The required probability now is the sum

$$\sum_{r=2}^{n-k+1} \dfrac{(n-k)}{n} \dfrac{(n-k-1)}{(n-1)} \dfrac... ...-r +2)}{(n-2+2)} \times \dfrac{k}{(n-r+1)}\times \left[\dfrac{1}{r-1}\right] .$$

This looks like a big and complicated sum, but it has a nice approximation if $n$ is large, and $x=k/n$ is the fraction of automatically rejected suitors. Then it is approximately $$\sum_{r=2}^\infty \dfrac{x^r}{r-1}$$ , which is $x-\log x$ . It is a simple exercise in calculus to show that this is maximised by the choice $x=e^{-1} =0.368$ . Thus, in the optimal rule, the first 36.8% of suitors are rejected, and the next one who is ‘best so far’ is accepted. And the optimal success probability is also $e^{-1}=0.368$ , considerably larger than $\dfrac{1}{n}$ for a random choice, when $n$ is large.

But, even using the optimal strategy, there is still a probability of around 63% of failing to select the best partner.

3. Applying the rule in practice

A frequently asked question is: how can I know what is the value of $n$ that applies to me. Probably the most rational way to deal with this is to assume that $n$ is large, and then, rather than worry about what its actual value might be, allocate a time period, at the end of which you want the marriage question to be resolved.

To illustrate, consider a young man who is willing to consider young women as marriage prospects once he reaches the age of 20, and wants to have the marriage question settled before he turns 39, a time period of 19 years. Now 36.8% of 19 is very nearly 7, so his optimal strategy is:

(i) do not propose to any girl, no matter how enticing, before reaching the age of 27;

(ii) after turning 27, propose to the very next girl who is ‘better’ than all previous prospects.

Despite the reservations about the unworldly assumptions behind the marriage problem, you can see that this is quite a reasonable approach, and that this, or something similar, is likely to be followed by many young men. The same applies to the corresponding rule for women, where the allotted individual time periods may be earlier, and shorter, than the ones chosen by men.

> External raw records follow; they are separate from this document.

lemma le_sqrt_mult_if_le_scaled_sum:
  fixes H a b :: real
  assumes H: "\<And>l. 0 < l \<Longrightarrow> H \<le> a / (2 * l) + l * b / 2" and "0 \<le> a" "0 \<le> b"
  shows "H \<le> sqrt a * sqrt b"
proof (rule field_le_epsilon)
  fix d :: real assume "0 < d"
  define s t where "s = sqrt a" and "t = sqrt b"
  define e where "e = d / (s + t + 1)"
  \<comment> \<open>The scale (s + e) / (t + e) perturbs the optimal one, s / t, so that it stays positive
    and finite when a or b vanishes.\<close>
  have "0 \<le> s" "0 \<le> t" "a = s\<^sup>2" "b = t\<^sup>2"
    using assms by (simp_all add: s_def t_def)
  then have "0 < e"
    using \<open>0 < d\<close> by (simp add: e_def)
  have "a / (2 * ((s + e) / (t + e))) = s / (s + e) * (s * (t + e) / 2)"
    using \<open>0 \<le> s\<close> \<open>0 \<le> t\<close> \<open>0 < e\<close> \<open>a = s\<^sup>2\<close> by (simp add: field_simps power2_eq_square)
  also have "\<dots> \<le> s * (t + e) / 2"
    using \<open>0 \<le> s\<close> \<open>0 \<le> t\<close> \<open>0 < e\<close> by (intro mult_left_le_one_le) auto
  finally have 1: "a / (2 * ((s + e) / (t + e))) \<le> s * (t + e) / 2" .
  have "(s + e) / (t + e) * b / 2 = t / (t + e) * (t * (s + e) / 2)"
    using \<open>0 \<le> t\<close> \<open>0 < e\<close> \<open>b = t\<^sup>2\<close> by (simp add: field_simps power2_eq_square)
  also have "\<dots> \<le> t * (s + e) / 2"
    using \<open>0 \<le> s\<close> \<open>0 \<le> t\<close> \<open>0 < e\<close> by (intro mult_left_le_one_le) auto
  finally have 2: "(s + e) / (t + e) * b / 2 \<le> t * (s + e) / 2" .
  have "H \<le> a / (2 * ((s + e) / (t + e))) + (s + e) / (t + e) * b / 2"
    using \<open>0 \<le> s\<close> \<open>0 \<le> t\<close> \<open>0 < e\<close> by (intro H divide_pos_pos) auto
  also have "\<dots> \<le> s * (t + e) / 2 + t * (s + e) / 2"
    using 1 2 by linarith
  also have "\<dots> = s * t + e * (s + t) / 2"
    by (simp add: field_simps)
  also have "e * (s + t) / 2 \<le> d"
    using \<open>0 \<le> s\<close> \<open>0 \<le> t\<close> \<open>0 < d\<close> by (simp add: e_def field_simps)
  finally show "H \<le> sqrt a * sqrt b + d"
    by (simp add: s_def t_def)
qed

lemma Wc_nonneg: "is_prob N \<nu> \<Longrightarrow> 0 \<le> Wc N \<nu>"
  unfolding Wc_eq_transport_cost using is_coupling_product transport_cost_nonneg
  by (intro real_sqrt_ge_zero cInf_greatest) auto

lemma rel_entropy_le_Wc_mult_sqrt_fisher_sum:
  assumes "0 < N" "is_prob N \<nu>" "\<And>x. x < N \<Longrightarrow> 0 < \<nu> x"
  shows "rel_entropy N \<nu> \<le> Wc N \<nu> * sqrt (fisher_sum N \<nu>)"
proof -
  define S where "S = {transport_cost N \<pi> | \<pi>. is_coupling N \<nu> \<pi>}"
  have "S \<noteq> {}"
    using is_coupling_product[OF assms(2)] by (auto simp: S_def)
  have "0 \<le> Inf S"
    using Wc_nonneg[OF assms(2)] by (simp add: Wc_eq_transport_cost S_def)
  have "rel_entropy N \<nu> \<le> fisher_sum N \<nu> / (2 * l) + l * Inf S / 2" if "0 < l" for l
  proof -
    have "(rel_entropy N \<nu> - fisher_sum N \<nu> / (2 * l)) * 2 / l \<le> Inf S"
    proof (rule cInf_greatest[OF \<open>S \<noteq> {}\<close>])
      fix s assume "s \<in> S"
      then obtain \<pi> where "is_coupling N \<nu> \<pi>" "s = transport_cost N \<pi>"
        by (auto simp: S_def)
      then have "rel_entropy N \<nu> \<le> fisher_sum N \<nu> / (2 * l) + l * s / 2"
        using rel_entropy_le_fisher_transport[of N \<nu> \<pi> l] assms that by simp
      then show "(rel_entropy N \<nu> - fisher_sum N \<nu> / (2 * l)) * 2 / l \<le> s"
        using that by (simp add: field_simps)
    qed
    then show ?thesis
      using that by (simp add: field_simps)
  qed
  then have "rel_entropy N \<nu> \<le> sqrt (fisher_sum N \<nu>) * sqrt (Inf S)"
    using fisher_sum_nonneg[OF assms(3)] \<open>0 \<le> Inf S\<close> by (rule le_sqrt_mult_if_le_scaled_sum)
  then show ?thesis
    by (simp add: Wc_eq_transport_cost S_def mult.commute)
qed

theorem mainTheorem2:
  fixes N :: nat and \<nu> :: "nat \<Rightarrow> real"
  assumes "N \<ge> 1" and "is_prob N \<nu>"
  shows "ereal (rel_entropy N \<nu>) \<le>
           (if fisher_info N \<nu> = \<infinity> then \<infinity>
            else ereal (sqrt 2 * Wc N \<nu> * sqrt (real_of_ereal (fisher_info N \<nu>))))"
proof (cases "fisher_info N \<nu> = \<infinity>")
  case False
  have pos: "\<And>x. x < N \<Longrightarrow> 0 < \<nu> x"
    using assms(2) False by (rule pos_if_fisher_info_finite)
  have "rel_entropy N \<nu> \<le> Wc N \<nu> * sqrt (fisher_sum N \<nu>)"
    using assms pos by (intro rel_entropy_le_Wc_mult_sqrt_fisher_sum) auto
  also have "\<dots> \<le> sqrt 2 * (Wc N \<nu> * sqrt (fisher_sum N \<nu>))"
  proof -
    have "0 \<le> Wc N \<nu> * sqrt (fisher_sum N \<nu>)"
      using Wc_nonneg[OF assms(2)] fisher_sum_nonneg[OF pos] by simp
    then show ?thesis
      using mult_right_mono[of 1 "sqrt 2"] by simp
  qed
  finally show ?thesis
    using False by (simp add: fisher_info_eq_fisher_sum[OF pos] mult.assoc)
qed simp

end
lemma unique_partition_iff_unique_partition_mset:
  assumes "A \<noteq> B"
  shows "unique_partition A B xs ys \<longleftrightarrow>
    sum_list xs = A \<and> sum_list ys = B \<and> unique_partition_mset (mset xs) (mset ys)"
proof -
  let ?P = "mset xs" and ?Q = "mset ys"
  have complement: "(\<forall>X. X \<subseteq># ?P \<longrightarrow> (\<forall>Y. Y \<subseteq># ?Q \<longrightarrow>
      \<Sum>\<^sub># X + \<Sum>\<^sub># Y = \<Sum>\<^sub># ?P \<longrightarrow> X = ?P \<and> Y = {#}))
    \<longleftrightarrow> (\<forall>X. X \<subseteq># ?P \<longrightarrow> (\<forall>Y. Y \<subseteq># ?Q \<longrightarrow>
      \<Sum>\<^sub># X + \<Sum>\<^sub># Y = \<Sum>\<^sub># ?Q \<longrightarrow> X = {#} \<and> Y = ?Q))" (is "?L \<longleftrightarrow> ?R")
  proof
    show ?R if ?L
      using sub_msets_sum_complement[of ?P ?P "{#}" ?Q] that by simp
    show ?L if ?R
      using sub_msets_sum_complement[of "{#}" ?P ?Q ?Q] that by simp
  qed
  show ?thesis
  proof (cases "sum_list xs = A \<and> sum_list ys = B")
    case True
    then have "\<Sum>\<^sub># ?P = A"
      by (simp add: sum_mset_sum_list)
    with assms have "(\<forall>X. X \<subseteq># ?P \<longrightarrow> (\<forall>Y. Y \<subseteq># ?Q \<longrightarrow>
        (\<Sum>\<^sub># X + \<Sum>\<^sub># Y = A \<longleftrightarrow> X = ?P \<and> Y = {#} \<or> A = B \<and> X = {#} \<and> Y = ?Q)))
      \<longleftrightarrow> (\<forall>X. X \<subseteq># ?P \<longrightarrow> (\<forall>Y. Y \<subseteq># ?Q \<longrightarrow>
        \<Sum>\<^sub># X + \<Sum>\<^sub># Y = \<Sum>\<^sub># ?P \<longrightarrow> X = ?P \<and> Y = {#}))"
      by auto
    with True show ?thesis
      unfolding unique_partition_iff_sub_msets unique_partition_mset_def complement
      by (simp only: simp_thms)
  next
    case False
    then show ?thesis
      unfolding unique_partition_iff_sub_msets by blast
  qed
qed

lemma unique_partition_mset_mono:
  assumes "unique_partition_mset P Q" "P' \<subseteq># P"
  shows "unique_partition_mset P' Q"
proof -
  have "0 \<notin># P'"
    using assms by (auto simp: unique_partition_mset_def dest: mset_subset_eqD)
  moreover have "X \<subseteq># P" if "X \<subseteq># P'" for X
    using that assms(2) by (rule subset_mset.order_trans)
  ultimately show ?thesis
    using assms(1) unfolding unique_partition_mset_def by blast
qed

lemma unique_partition_mset_add_mset:
  assumes up: "unique_partition_mset P Q" and large: "\<Sum>\<^sub># Q < Suc (count P v) * v"
  shows "unique_partition_mset (add_mset v P) Q"
proof -
  have "X = {#} \<and> Y = Q"
    if X: "X \<subseteq># add_mset v P" and Y: "Y \<subseteq># Q" and sum: "\<Sum>\<^sub># X + \<Sum>\<^sub># Y = \<Sum>\<^sub># Q" for X Y
  proof (cases "X \<subseteq># P")
    case True
    with up Y sum show ?thesis
      unfolding unique_partition_mset_def by blast
  next
    case False
    \<comment> \<open>then X contains every copy of v, the new one included\<close>
    then have "Suc (count P v) * v \<le> \<Sum>\<^sub># X"
      using count_add_mset_if_not_subseteq[OF X] count_mult_le_sum_mset[of X v] by simp
    with large sum show ?thesis
      by linarith
  qed
  moreover have "v \<noteq> 0"
    using large by (metis mult_0_right not_less0)
  ultimately show ?thesis
    using up unfolding unique_partition_mset_def by auto
qed

lemma unique_partition_mset_count_less:
  assumes up: "unique_partition_mset P Q" and "0 < d" "d dvd \<Sum>\<^sub># Q" "0 < \<Sum>\<^sub># Q"
  shows "d * count P d < \<Sum>\<^sub># Q"
proof (rule ccontr)
  assume "\<not> d * count P d < \<Sum>\<^sub># Q"
  define k where "k = \<Sum>\<^sub># Q div d"
  have sum: "k * d = \<Sum>\<^sub># Q"
    using assms(3) by (simp add: k_def)
  then have "k \<le> count P d"
    using \<open>\<not> d * count P d < \<Sum>\<^sub># Q\<close> \<open>0 < d\<close> by (metis mult.commute mult_le_cancel1 not_less)
  then have "replicate_mset k d \<subseteq># P"
    by (simp add: count_le_replicate_mset_subset_eq)
  moreover have "{#} \<subseteq># Q" "\<Sum>\<^sub># (replicate_mset k d) + \<Sum>\<^sub># {#} = \<Sum>\<^sub># Q"
    using sum by simp_all
  ultimately have "replicate_mset k d = {#}"
    using up unfolding unique_partition_mset_def by blast
  moreover have "k \<noteq> 0"
    using sum assms(4) by (metis less_irrefl mult_is_0)
  ultimately show False
    by simp
qed

lemma unique_partition_mset_size_small_parts:
  assumes up: "unique_partition_mset P Q" and "0 < \<Sum>\<^sub># Q"
    and small_dvd: "\<And>d. 0 < d \<Longrightarrow> d < v \<Longrightarrow> d dvd \<Sum>\<^sub># Q"
  shows "size {#x \<in># P. x < v#} \<le> v * \<Sum>\<^sub># Q"
proof -
  have "count P d \<le> \<Sum>\<^sub># Q" if "d < v" for d
  proof (cases "d = 0")
    case True
    then show ?thesis
      using up by (simp add: unique_partition_mset_def not_in_iff)
  next
    case False
    then have "d * count P d < \<Sum>\<^sub># Q"
      using unique_partition_mset_count_less[OF up _ small_dvd] that assms(2) by simp
    moreover have "count P d \<le> d * count P d"
      using False by simp
    ultimately show ?thesis
      by linarith
  qed
  then have "(\<Sum>d<v. count P d) \<le> (\<Sum>d<v. \<Sum>\<^sub># Q)"
    by (intro sum_mono) simp
  then show ?thesis
    by (simp add: size_filter_less_eq_sum_count)
qed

It is quite interesting to know that if you question older people carefully, you often find that they have used something quite close to the marriage problem solution in choosing their spouse. But take care! You have to conduct such conversations with some delicacy, because not everyone wants to admit the existence of past loves, mistakenly rejected, whose memory may still burn brightly.

As for the author, he can tell you that, looking back and doing some calculations, he did follow the marriage problem solution, albeit by accident, and that it has all worked out perfectly.